What do children take into account when deciding whether to trust others?

    • Topic: Social Interactions

    • Location: Discovery Center

    Research has shown that 5-year-olds, but not 3-year-olds, mistrust people who repeatedly give them wrong information. However, if someone gives inaccurate information by mistake, and then apologizes, perhaps children will trust that person again in the future. This study will help us understand how apologies influence young children’s trust in, and perception of, individuals who provide incorrect information.

    In this study, young children play a game during which they are given multiple turns to determine which of two cups has a sticker hidden within it. Each turn, before picking a cup, children are shown a video where a person tells them which cup to pick. Although children do not know it, this person always gives inaccurate information about where the sticker is hidden. After each turn, some children receive an apology from the person for giving them inaccurate information, while others do not receive an apology. We are interested in whether children trust this person even after she repeatedly gives inaccurate information, and whether apologies influence children’s willingness to continue to trust her.
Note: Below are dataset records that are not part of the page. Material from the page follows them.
lemma has_fmpI:
  assumes "\<And>a. a \<notin> L \<Longrightarrow> \<exists>(W :: 'a set) B. finite_countermodel L a W B"
  shows "has_fmp L"
proof -
  define C where "C = {F. finite_frame F \<and> (\<forall>b\<in>L. valid F b)}"
  have "a \<in> L" if valid_a: "\<forall>F\<in>C. valid F a" for a
  proof (rule ccontr)
    assume "a \<notin> L"
    from assms[OF this, unfolded finite_countermodel_def]
    obtain W :: "'a set" and B where W: "finite W" "W \<noteq> {}" "\<forall>X\<subseteq>W. B X \<subseteq> W"
      and "\<forall>b\<in>L. valid_in W B b" "\<not> valid_in W B a"
      by blast
    obtain F where F: "finite_frame F" "\<forall>a. valid F a \<longleftrightarrow> valid_in W B a"
      using finite_frame_equivalent[OF W] by blast
    with \<open>\<forall>b\<in>L. valid_in W B b\<close> have "F \<in> C"
      unfolding C_def by simp
    with valid_a have "valid F a"
      by blast
    with F(2) \<open>\<not> valid_in W B a\<close> show False
      by simp
  qed
  then have "\<forall>a. a \<in> L \<longleftrightarrow> (\<forall>F\<in>C. valid F a)"
    unfolding C_def by blast
  moreover have "\<forall>F\<in>C. finite_frame F"
    unfolding C_def by blast
  ultimately show ?thesis
    unfolding has_fmp_def by blast
qed

fun subformulas :: "fm \<Rightarrow> fm set" where
  "subformulas (Var n) = {Var n}"
| "subformulas (Neg a) = insert (Neg a) (subformulas a)"
| "subformulas (Conj a b) = insert (Conj a b) (subformulas a \<union> subformulas b)"
| "subformulas (Box a) = insert (Box a) (subformulas a)"

fun atoms :: "fm \<Rightarrow> fm set" where
  "atoms (Var n) = {Var n}"
| "atoms (Neg a) = atoms a"
| "atoms (Conj a b) = atoms a \<union> atoms b"
| "atoms (Box a) = {Box a}"

lemma finite_subformulas: "finite (subformulas a)"
  by (induction a) auto

lemma finite_atoms: "finite (atoms a)"
  by (induction a) auto

lemma subformulas_refl: "a \<in> subformulas a"
  by (cases a) auto

lemma subformulas_trans: "b \<in> subformulas a \<Longrightarrow> subformulas b \<subseteq> subformulas a"
  by (induction a) auto

lemma Box_mem_subformulas_arg: "Box d \<in> subformulas a \<Longrightarrow> d \<in> subformulas a"
  using subformulas_trans subformulas_refl by fastforce

lemma atoms_Imp [simp]: "atoms (Imp a b) = atoms a \<union> atoms b"
  by (simp add: Imp_def)

lemma atoms_Iff [simp]: "atoms (Iff a b) = atoms a \<union> atoms b"
  by (auto simp: Iff_def)

lemma peval_atom: "x \<in> atoms a \<Longrightarrow> peval v x = v x"
  by (induction a) auto

lemma peval_cong_atoms: "\<forall>x\<in>atoms a. v x = u x \<Longrightarrow> peval v a = peval u a"
  by (induction a) auto

lemma peval_Imp [simp]: "peval v (Imp a b) \<longleftrightarrow> (peval v a \<longrightarrow> peval v b)"
  by (simp add: Imp_def)

lemma peval_Iff [simp]: "peval v (Iff a b) \<longleftrightarrow> (peval v a \<longleftrightarrow> peval v b)"
  by (auto simp: Iff_def)

definition Top :: fm where "Top = Neg (Conj (Var 0) (Neg (Var 0)))"
(* In the category of pointed Frölicher spaces, let $A\subseteq X$ be a subspace containing the basepoint such that $(X,A)$ is an SNDR pair, let $i:A\hookrightarrow X$ be the inclusion and $p:X\to X/A$ the quotient map. Then the sequence $A\xrightarrow{i}X\xrightarrow{p}X/A$ is right exact: for every pointed Frölicher space $W$ the sequence of pointed sets $[X/A,W]\xrightarrow{p^*}[X,W]\xrightarrow{i^*}[A,W]$ is exact, i.e. $\operatorname{im}p^*=(i^* )^{-1}(\ast)$.
   Context: A Frölicher space is a triple $(X,\mathcal C_X,\mathcal F_X)$ with $\mathcal C_X\subseteq X^{\mathbb R}$, $\mathcal F_X\subseteq\mathbb R^X$, such that $\mathcal F_X=\{f\mid f\circ c\in C^\infty(\mathbb R,\mathbb R)\ \forall c\in\mathcal C_X\}$ and $\mathcal C_X=\{c\mid f\circ c\in C^\infty(\mathbb R,\mathbb R)\ \forall f\in\mathcal F_X\}$. Smooth maps: $g\circ\varphi\in\mathcal F_X$ for all $g\in\mathcal F_Y$. Subspaces carry the initial structure, products the structure generated by $f\circ\pi_i$, quotients the final structure. $I$ is $[0,1]$ with the subspace structure from $\mathbb R$; $\mathbf I$ is $[0,1]$ with the structure generated by those structure functions of $I$ that are constant on $[0,\epsilon)$ and on $(1-\epsilon,1]$ for some $0<\epsilon<1/4$. Pointed Frölicher spaces have a distinguished basepoint; maps preserve basepoints. For pointed $X,W$, $[X,W]$ is the set of classes of basepoint-preserving smooth maps modulo pointed smooth homotopy (smooth $H:I\times X\to W$ with $H(t,x_0)=w_0$ for all $t$), pointed by the class of the constant map; $g^*$ denotes precomposition with $g$. FCIP: For a smooth $i:A\to X$ and a structure curve $x:\mathbb R\to X$ let $\Lambda(x,i)$ be the set of $s_*\in x^{-1}(i(A))$ that are limits of sequences $s_n\in x^{-1}(X\setminus i(A))$. A structure function $g$ on $\mathbf I\times X$ has the FCIP w.r.t. $i$ if $g\circ c$ is $C^\infty$ for every map $c=(t,x):\mathbb R\to[0,1]\times X$ with $x$ a structure curve and, for every $\epsilon>0$, $t$ $C^\infty$ on every open interval disjoint from $\bigcup_{s_*\in\Lambda(x,i)}[s_*-\epsilon,s_*+\epsilon]$; a map $g:\mathbf I\times X\to Z$ has the FCIP if $h\circ g$ does for all $h\in\mathcal F_Z$. SNDR pair: $(X,A)$ is an SNDR pair if there are a smooth $u:X\to\mathbf I$ with $u^{-1}(0)=A$ and a smooth $H:\mathbf I\times X\to X$ with the FCIP w.r.t. $i$, $H(0,x)=x$, $H(t,a)=a$ for $a\in A$, and $H(1,x)\in A$ whenever $u(x)<1$. *)

theory Defs
  imports "HOL-Analysis.Analysis"
begin
(* Let $\varphi_\rho(z)=z\log z$ for $z>0$. In the discrete setting described in the context, let $(\rho_K^{n})_{K\in\mathcal M,\,0\le n\le N}$ be positive, let $(\rho_\sigma^{n+1})_{\sigma\in\mathcal{E}_{\rm int},0\le n\le N-1}$ be face values, and let $u_{K,\sigma}^{n}$ be normal face velocities. For $\sigma=K|L\in\mathcal{E}_{\rm int}$ and $0\le n\le N-1$, let $\rho_{KL}^{n+1}$ be the number $x_{KL}$ associated with $\varphi=\varphi_\rho$, $x_K=\rho_K^{n+1}$, $x_L=\rho_L^{n+1}$, and define \[ (\delta\varphi_\rho)_\sigma^{n+1}=\varphi_\rho(\rho_K^{n+1})-\varphi_\rho(\rho_\sigma^{n+1})+\varphi_\rho'(\rho_K^{n+1})\bigl[\rho_{KL}^{n+1}-\rho_K^{n+1}\bigr]+\tfrac12\bigl[\varphi_\rho'(\rho_K^{n+1})+\varphi_\rho'(\rho_L^{n+1})\bigr]\bigl[\rho_\sigma^{n+1}-\rho_{KL}^{n+1}\bigr] \] (this quantity does not depend on the ordering of $K$ and $L$), and for $K\in\mathcal{M}$, \[ |K|\,(\delta R_m)_K^{n+1}=\sum_{\sigma\in\mathcal{E}(K)\cap\mathcal{E}_{\rm int}}|\sigma|\,(\delta\varphi_\rho)_\sigma^{n+1}u_{K,\sigma}^{n+1}. \] Assume that for every $\sigma=K|L\in\mathcal{E}_{\rm int}$ and $0\le n\le N-1$: $\rho_\sigma^{n+1}\in|\hspace{-0.12em}[\rho_K^{n+1},\rho_{KL}^{n+1}]\hspace{-0.12em}|$ if $u_{K,\sigma}^{n+1}\ge0$, and $\rho_\sigma^{n+1}\in|\hspace{-0.12em}[\rho_L^{n+1},\rho_{KL}^{n+1}]\hspace{-0.12em}|$ otherwise. Let $M>1$ and suppose $\rho_K^n\le M$, $1/\rho_K^n\le M$ and $|u_{K,\sigma}^n|\le M$ for all $K\in\mathcal M$, $\sigma\in\mathcal{E}(K)$, $0\le n\le N$. Let $|\varphi_\rho'|_\infty$ be the maximum of $|\varphi_\rho'|$ on $[1/M,M]$. Then \[ \|\delta R_m\|_{-1,1}\le 3\,M\,|\varphi_\rho'|_\infty\,\|\rho\|_{x,BV}\,h_{\mathcal M}. \]
   Context: Setting: $\Omega\subset\mathbb{R}^d$ bounded; $\mathcal{M}$ a regular polytopal mesh of $\Omega$ with faces $\mathcal{E}$, faces of $K$ denoted $\mathcal{E}(K)$, interior faces $\mathcal{E}_{\rm int}$; $\sigma=K|L$ denotes the interior face between $K$ and $L$; $|K|$, $|\sigma|$ are the measures; ${\boldsymbol x}_K$ is the mass center of $K$; $h_{\mathcal M}=\max_{K}{\rm diam}(K)$. Uniform time grid $t_n=n\,\delta t$, $0\le n\le N$, $t_N=T$. Normal velocities satisfy $u_{L,\sigma}^n=-u_{K,\sigma}^n$ for $\sigma=K|L$ and vanish on boundary faces. Notation $|\hspace{-0.12em}[a,b]\hspace{-0.12em}|=[\min(a,b),\max(a,b)]$. The number $x_{KL}$: for a strictly convex continuously differentiable $\varphi$ on an interval $I$ and $x_K,x_L\in I$, $x_{KL}$ is the unique real number in $|\hspace{-0.12em}[x_K,x_L]\hspace{-0.12em}|$ with $\varphi(x_K)+\varphi'(x_K)(x_{KL}-x_K)=\varphi(x_L)+\varphi'(x_L)(x_{KL}-x_L)$ if $x_K\ne x_L$, and $x_{KL}=x_K=x_L$ otherwise. Norms: for a family $(z_K^n)$, $\|z\|_{x,BV}=\sum_{n}\delta t\sum_{\sigma=K|L\in\mathcal{E}_{\rm int}}|\sigma|\,|z_L^n-z_K^n|$ (sum over all available time indices), and \[ \|z\|_{-1,1}=\sup_{\psi}\frac{1}{\sup_{{\boldsymbol x}\in\Omega,t\in(0,T)}|\nabla\psi({\boldsymbol x},t)|}\Bigl[\sum_{n}\delta t\sum_{K\in\mathcal M}|K|\,z_K^n\,\psi({\boldsymbol x}_K,t_n)\Bigr], \] the supremum being over $\psi\in C^\infty_c([0,T)\times\bar\Omega)$ (with nonzero gradient), and the sum over $n$ over the time indices on which $z$ is defined (here $n=1,\dots,N$). *)

theory Defs
  imports "HOL-Analysis.Analysis"
begin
    We predict that younger children will continue to trust the person in the video regardless of whether she provides apologies or not. We predict that older children will continue to trust the person in the video for more rounds of the game when she apologizes than when she does not apologize; however, after repeated rounds of the game we expect older children will stop trusting her even if they have been receiving apologies.

    This study will add to our understanding of how children learn from others. It will help us learn more about which aspects of behavior children take into account when making decisions.

    This research is conducted at the Museum of Science, Boston by the Paul Harris Laboratory at the Harvard Graduate School of Education.

        » Paul Harris Laboratory

    Activities to Try in the Discovery Center

    On the Lookout

    In the Children’s Gallery, collect the rabbit, chipmunk, and fox puppets. Ask your child to pretend to be the rabbit, and you can pretend to be the chipmunk. Search for food together, but try to avoid being seen by the fox.

    Hide the fox somewhere nearby. As the chipmunk, tell the rabbit that the area where the fox is hiding is a “safe place to find food.” Does your child have the rabbit search for food there? When the fox “sees” the rabbit, have the fox run after the rabbit. Then have the chipmunk apologize to the rabbit for being wrong. Play the game a couple more times, and observe whether the rabbit (your child) continues to trust the chipmunk’s directions.

    Activities to Try at Home

    Changing Science

    When scientists discover new evidence, it can change our understanding of how the world works. For example, ideas about nutrition (e.g., eating margarine versus butter) have changed over time. When scientists gain access to new information that does not match existing ideas about how the world works, they admit that their previous understanding was inaccurate, and revise their understanding so that science can move forward.

    The book Boy Were We Wrong About Dinosaurs!, by Kathleen V. Kudlinski, explains many changes in what scientists have thought about dinosaurs over time. Try reading this book (available at many local libraries) and talking with your child about the evidence that helped scientists to change their ideas. What information originally made scientists think the T-Rex dragged its tail on the ground, or that all dinosaurs had scaly skin? What new evidence makes scientists think this isn’t true?